Records drawn from a dataset
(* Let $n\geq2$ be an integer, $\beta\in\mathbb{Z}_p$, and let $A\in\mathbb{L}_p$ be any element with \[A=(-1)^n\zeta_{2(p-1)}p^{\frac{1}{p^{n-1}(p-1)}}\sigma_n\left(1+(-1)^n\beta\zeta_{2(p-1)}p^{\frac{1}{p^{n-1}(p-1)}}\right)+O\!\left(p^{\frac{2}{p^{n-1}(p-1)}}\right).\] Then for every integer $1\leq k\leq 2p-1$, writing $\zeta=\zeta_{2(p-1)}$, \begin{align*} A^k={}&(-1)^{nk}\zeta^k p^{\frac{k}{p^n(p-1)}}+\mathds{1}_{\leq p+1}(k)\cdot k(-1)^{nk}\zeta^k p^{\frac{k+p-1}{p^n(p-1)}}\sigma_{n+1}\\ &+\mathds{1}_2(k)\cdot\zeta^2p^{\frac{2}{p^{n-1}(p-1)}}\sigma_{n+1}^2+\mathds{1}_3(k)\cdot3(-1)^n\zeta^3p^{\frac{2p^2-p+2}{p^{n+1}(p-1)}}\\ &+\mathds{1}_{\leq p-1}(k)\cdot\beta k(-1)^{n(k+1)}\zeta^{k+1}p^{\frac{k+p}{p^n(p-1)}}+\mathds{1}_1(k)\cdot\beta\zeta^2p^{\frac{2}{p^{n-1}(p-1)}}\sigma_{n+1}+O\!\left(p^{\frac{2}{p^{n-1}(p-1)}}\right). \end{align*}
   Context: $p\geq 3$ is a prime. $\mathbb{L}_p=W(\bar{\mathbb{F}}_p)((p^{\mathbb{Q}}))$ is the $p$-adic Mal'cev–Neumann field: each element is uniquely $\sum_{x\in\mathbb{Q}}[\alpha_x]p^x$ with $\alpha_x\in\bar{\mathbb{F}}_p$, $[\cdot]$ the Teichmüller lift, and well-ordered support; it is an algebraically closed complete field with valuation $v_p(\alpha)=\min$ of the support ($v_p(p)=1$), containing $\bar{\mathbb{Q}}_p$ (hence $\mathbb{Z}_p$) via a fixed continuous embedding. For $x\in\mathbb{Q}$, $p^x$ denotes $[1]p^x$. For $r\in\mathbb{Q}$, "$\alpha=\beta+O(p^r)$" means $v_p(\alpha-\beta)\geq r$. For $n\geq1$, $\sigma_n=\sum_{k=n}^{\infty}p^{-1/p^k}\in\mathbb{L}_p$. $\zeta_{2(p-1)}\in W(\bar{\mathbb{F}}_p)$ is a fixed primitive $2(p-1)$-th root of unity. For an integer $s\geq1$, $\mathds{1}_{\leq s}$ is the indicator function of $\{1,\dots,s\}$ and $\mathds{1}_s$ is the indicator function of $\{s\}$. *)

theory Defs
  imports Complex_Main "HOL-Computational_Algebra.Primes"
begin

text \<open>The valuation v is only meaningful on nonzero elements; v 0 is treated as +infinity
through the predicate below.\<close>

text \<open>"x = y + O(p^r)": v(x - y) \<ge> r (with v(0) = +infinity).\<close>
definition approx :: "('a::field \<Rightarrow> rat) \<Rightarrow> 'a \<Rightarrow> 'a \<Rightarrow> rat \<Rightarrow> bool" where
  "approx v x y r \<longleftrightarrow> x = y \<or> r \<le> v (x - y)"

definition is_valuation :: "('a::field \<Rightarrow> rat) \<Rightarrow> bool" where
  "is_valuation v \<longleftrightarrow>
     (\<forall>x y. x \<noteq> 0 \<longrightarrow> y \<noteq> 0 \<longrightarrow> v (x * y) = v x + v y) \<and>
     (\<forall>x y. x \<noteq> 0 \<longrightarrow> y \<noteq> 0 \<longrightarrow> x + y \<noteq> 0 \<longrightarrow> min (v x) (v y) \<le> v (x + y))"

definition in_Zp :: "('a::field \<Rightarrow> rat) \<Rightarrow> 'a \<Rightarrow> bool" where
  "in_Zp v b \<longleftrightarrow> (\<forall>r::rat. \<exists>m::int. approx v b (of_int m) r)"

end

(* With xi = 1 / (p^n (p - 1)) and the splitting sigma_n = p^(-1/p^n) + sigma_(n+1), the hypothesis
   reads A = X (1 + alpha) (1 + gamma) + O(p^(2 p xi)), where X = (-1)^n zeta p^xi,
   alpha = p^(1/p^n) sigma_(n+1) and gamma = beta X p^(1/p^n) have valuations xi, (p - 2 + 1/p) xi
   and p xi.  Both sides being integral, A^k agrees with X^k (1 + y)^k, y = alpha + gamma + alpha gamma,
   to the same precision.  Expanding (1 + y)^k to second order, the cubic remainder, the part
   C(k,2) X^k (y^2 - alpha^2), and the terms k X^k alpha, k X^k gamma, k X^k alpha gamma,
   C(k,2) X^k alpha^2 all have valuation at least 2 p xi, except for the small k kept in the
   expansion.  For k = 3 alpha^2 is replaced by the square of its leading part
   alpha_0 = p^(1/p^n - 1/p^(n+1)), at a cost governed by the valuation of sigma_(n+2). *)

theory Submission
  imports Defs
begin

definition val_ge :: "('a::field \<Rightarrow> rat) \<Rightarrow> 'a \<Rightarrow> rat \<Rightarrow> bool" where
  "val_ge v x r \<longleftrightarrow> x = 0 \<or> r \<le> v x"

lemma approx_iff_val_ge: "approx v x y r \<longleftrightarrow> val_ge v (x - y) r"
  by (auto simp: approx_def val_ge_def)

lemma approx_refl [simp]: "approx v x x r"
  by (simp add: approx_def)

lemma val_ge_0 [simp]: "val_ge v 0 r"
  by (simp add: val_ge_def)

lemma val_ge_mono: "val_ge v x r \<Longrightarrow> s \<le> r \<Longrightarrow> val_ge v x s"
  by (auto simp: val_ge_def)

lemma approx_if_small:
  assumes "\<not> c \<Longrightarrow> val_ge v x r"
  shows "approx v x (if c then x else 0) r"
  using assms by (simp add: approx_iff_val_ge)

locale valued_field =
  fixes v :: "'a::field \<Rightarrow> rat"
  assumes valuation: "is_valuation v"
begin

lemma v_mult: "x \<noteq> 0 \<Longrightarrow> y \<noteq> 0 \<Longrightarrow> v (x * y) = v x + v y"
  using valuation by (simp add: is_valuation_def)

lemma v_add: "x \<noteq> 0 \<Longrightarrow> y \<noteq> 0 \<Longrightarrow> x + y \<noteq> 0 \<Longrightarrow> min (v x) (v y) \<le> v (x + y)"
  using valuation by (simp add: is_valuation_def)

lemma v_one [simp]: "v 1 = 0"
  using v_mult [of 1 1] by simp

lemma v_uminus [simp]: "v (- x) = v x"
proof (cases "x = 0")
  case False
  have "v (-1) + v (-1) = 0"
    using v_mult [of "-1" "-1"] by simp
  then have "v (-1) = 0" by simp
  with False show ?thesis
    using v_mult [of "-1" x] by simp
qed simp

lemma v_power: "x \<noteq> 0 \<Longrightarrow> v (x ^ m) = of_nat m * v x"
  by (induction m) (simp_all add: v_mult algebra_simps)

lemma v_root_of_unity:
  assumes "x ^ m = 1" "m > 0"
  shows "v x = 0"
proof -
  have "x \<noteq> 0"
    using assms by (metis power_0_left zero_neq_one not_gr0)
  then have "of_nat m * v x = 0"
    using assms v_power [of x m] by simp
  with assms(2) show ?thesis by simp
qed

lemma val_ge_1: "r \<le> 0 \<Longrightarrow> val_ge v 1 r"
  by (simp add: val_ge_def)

▶ PROBLEM TO SOLVE
Looking at the records above, which lines contain "longleftrightarrow"? Copy those lines.

▶ SOLVED EXERCISE
  "approx v x y r \<longleftrightarrow> x = y \<or> r \<le> v (x - y)"
  "is_valuation v \<longleftrightarrow>
  "in_Zp v b \<longleftrightarrow> (\<forall>r::rat. \<exists>m::int. approx v b (of_int m) r)"
  "val_ge v x r \<longleftrightarrow> x = 0 \<or> r \<le> v x"
lemma approx_iff_val_ge: "approx v x y r \<longleftrightarrow> val_ge v (x - y) r"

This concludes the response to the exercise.